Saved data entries
..........
text \<open>A high isolated vertex and the last low vertex before the cycle climbs above
  \<open>v\<^sub>i\<close> are both followed by a larger vertex, which must be dominating.\<close>

lemma cycle_length_le_cut:
  assumes cyc: "tg_is_cycle s c" and dom: "True \<in> set (drop i s)"
  shows "length c \<le> i + 2 * count_list (drop i s) True"
proof -
  define k where "k = length c"
  define succ where "succ j = Suc j mod k" for j
  define low where "low = {j. j < k \<and> c ! j \<le> i}"
  define high_iso where "high_iso = {j. j < k \<and> i < c ! j \<and> \<not> s ! (c ! j - 1)}"
  define high_dom where "high_dom = {j. j < k \<and> i < c ! j \<and> s ! (c ! j - 1)}"
  define exits where "exits = {j \<in> low. succ j \<notin> low}"
  have "3 \<le> k" "distinct c" using cyc by (auto simp: tg_is_cycle_def k_def)
  have fin: "finite low" "finite high_iso" "finite high_dom"
    by (auto simp: low_def high_iso_def high_dom_def)
  have card_low: "card low \<le> i + 1"
    using card_cycle_positions_le[OF \<open>distinct c\<close>] by (simp add: low_def k_def)
  have card_high_dom: "card high_dom \<le> count_list (drop i s) True"
    using card_cycle_positions_dominating[OF cyc] by (simp add: high_dom_def k_def)
  have step: "c ! j \<noteq> c ! succ j \<and> s ! (max (c ! j) (c ! succ j) - 1)" if "j < k" for j
    using cyc that by (auto simp: tg_is_cycle_def tg_adj_def succ_def k_def)
  have "succ j < k" for j using \<open>3 \<le> k\<close> by (simp add: succ_def)
  then have "succ ` (high_iso \<union> exits) \<subseteq> high_dom"
    using step
    by (fastforce simp: high_iso_def high_dom_def exits_def low_def max_def split: if_splits)
  then have "card (high_iso \<union> exits) \<le> card high_dom"
    using fin by (intro card_le_Suc_mod_image[where k = k])
      (auto simp: succ_def high_iso_def exits_def low_def)
  then have inj: "card high_iso + card exits \<le> card high_dom"
    using fin by (simp add: card_Un_disjoint exits_def low_def high_iso_def disjoint_iff)
  have "k = card (low \<union> high_iso \<union> high_dom)"
    by (rule arg_cong[where f = card, of "{..<k}", simplified])
      (auto simp: low_def high_iso_def high_dom_def)
  then have k: "k = card low + card high_iso + card high_dom"
    using fin by (simp add: card_Un_disjoint low_def high_iso_def high_dom_def disjoint_iff)
  have "1 \<le> count_list (drop i s) True"
    using dom count_list_0_iff[of "drop i s" True] by linarith
  consider "low = {}" | "exits \<noteq> {}" | "\<forall>j<k. j \<in> low"
    using exists_Suc_mod_notin[of _ low k] by (auto simp: exits_def succ_def low_def)
  then show ?thesis
  proof cases
    case 1
    then show ?thesis using k card_high_dom inj by (simp add: k_def)
  next
    case 2
    then have "1 \<le> card exits" using fin by (simp add: exits_def Suc_le_eq card_gt_0_iff)
    then show ?thesis using k card_low card_high_dom inj by (simp add: k_def)
  next
    case 3
    then have "high_iso = {}" "high_dom = {}" by (auto simp: high_iso_def high_dom_def low_def)
    with k card_low \<open>1 \<le> count_list (drop i s) True\<close> show ?thesis by (simp add: k_def)
  qed
qed

lemma tg_adj_imp_dominating: "tg_adj s u v \<Longrightarrow> True \<in> set s"
  by (auto simp: tg_adj_def tg_vertices_def in_set_conv_nth intro!: exI[of _ "max u v - 1"])

lemma cycle_length_le_greedy_len:
  assumes "tg_is_cycle s c"
  shows "length c \<le> greedy_len 0 (rev s) + 1"
proof -
  have "tg_adj s (c ! 0) (c ! (1 mod length c))"
    using assms unfolding tg_is_cycle_def by (metis add_0 gr0I not_numeral_le_zero list.size(3))
  then obtain i where "True \<in> set (drop i s)"
    and "i + 2 * count_list (drop i s) True \<le> greedy_len 0 (rev s) + 1"
    using tg_adj_imp_dominating exists_cut_le_greedy_len by blast
  with cycle_length_le_cut[OF assms] show ?thesis by fastforce
qed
..........
▶ [ACTION ITEM]:
All of the data must be set down again exactly.

▶ [OUTPUT FOR THIS TASK]:
text \<open>A high isolated vertex and the last low vertex before the cycle climbs above
  \<open>v\<^sub>i\<close> are both followed by a larger vertex, which must be dominating.\<close>

lemma cycle_length_le_cut:
  assumes cyc: "tg_is_cycle s c" and dom: "True \<in> set (drop i s)"
  shows "length c \<le> i + 2 * count_list (drop i s) True"
proof -
  define k where "k = length c"
  define succ where "succ j = Suc j mod k" for j
  define low where "low = {j. j < k \<and> c ! j \<le> i}"
  define high_iso where "high_iso = {j. j < k \<and> i < c ! j \<and> \<not> s ! (c ! j - 1)}"
  define high_dom where "high_dom = {j. j < k \<and> i < c ! j \<and> s ! (c ! j - 1)}"
  define exits where "exits = {j \<in> low. succ j \<notin> low}"
  have "3 \<le> k" "distinct c" using cyc by (auto simp: tg_is_cycle_def k_def)
  have fin: "finite low" "finite high_iso" "finite high_dom"
    by (auto simp: low_def high_iso_def high_dom_def)
  have card_low: "card low \<le> i + 1"
    using card_cycle_positions_le[OF \<open>distinct c\<close>] by (simp add: low_def k_def)
  have card_high_dom: "card high_dom \<le> count_list (drop i s) True"
    using card_cycle_positions_dominating[OF cyc] by (simp add: high_dom_def k_def)
  have step: "c ! j \<noteq> c ! succ j \<and> s ! (max (c ! j) (c ! succ j) - 1)" if "j < k" for j
    using cyc that by (auto simp: tg_is_cycle_def tg_adj_def succ_def k_def)
  have "succ j < k" for j using \<open>3 \<le> k\<close> by (simp add: succ_def)
  then have "succ ` (high_iso \<union> exits) \<subseteq> high_dom"
    using step
    by (fastforce simp: high_iso_def high_dom_def exits_def low_def max_def split: if_splits)
  then have "card (high_iso \<union> exits) \<le> card high_dom"
    using fin by (intro card_le_Suc_mod_image[where k = k])
      (auto simp: succ_def high_iso_def exits_def low_def)
  then have inj: "card high_iso + card exits \<le> card high_dom"
    using fin by (simp add: card_Un_disjoint exits_def low_def high_iso_def disjoint_iff)
  have "k = card (low \<union> high_iso \<union> high_dom)"
    by (rule arg_cong[where f = card, of "{..<k}", simplified])
      (auto simp: low_def high_iso_def high_dom_def)
  then have k: "k = card low + card high_iso + card high_dom"
    using fin by (simp add: card_Un_disjoint low_def high_iso_def high_dom_def disjoint_iff)
  have "1 \<le> count_list (drop i s) True"
    using dom count_list_0_iff[of "drop i s" True] by linarith
  consider "low = {}" | "exits \<noteq> {}" | "\<forall>j<k. j \<in> low"
    using exists_Suc_mod_notin[of _ low k] by (auto simp: exits_def succ_def low_def)
  then show ?thesis
  proof cases
    case 1
    then show ?thesis using k card_high_dom inj by (simp add: k_def)
  next
    case 2
    then have "1 \<le> card exits" using fin by (simp add: exits_def Suc_le_eq card_gt_0_iff)
    then show ?thesis using k card_low card_high_dom inj by (simp add: k_def)
  next
    case 3
    then have "high_iso = {}" "high_dom = {}" by (auto simp: high_iso_def high_dom_def low_def)
    with k card_low \<open>1 \<le> count_list (drop i s) True\<close> show ?thesis by (simp add: k_def)
  qed
qed

lemma tg_adj_imp_dominating: "tg_adj s u v \<Longrightarrow> True \<in> set s"
  by (auto simp: tg_adj_def tg_vertices_def in_set_conv_nth intro!: exI[of _ "max u v - 1"])

lemma cycle_length_le_greedy_len:
  assumes "tg_is_cycle s c"
  shows "length c \<le> greedy_len 0 (rev s) + 1"
proof -
  have "tg_adj s (c ! 0) (c ! (1 mod length c))"
    using assms unfolding tg_is_cycle_def by (metis add_0 gr0I not_numeral_le_zero list.size(3))
  then obtain i where "True \<in> set (drop i s)"
    and "i + 2 * count_list (drop i s) True \<le> greedy_len 0 (rev s) + 1"
    using tg_adj_imp_dominating exists_cut_le_greedy_len by blast
  with cycle_length_le_cut[OF assms] show ?thesis by fastforce
qed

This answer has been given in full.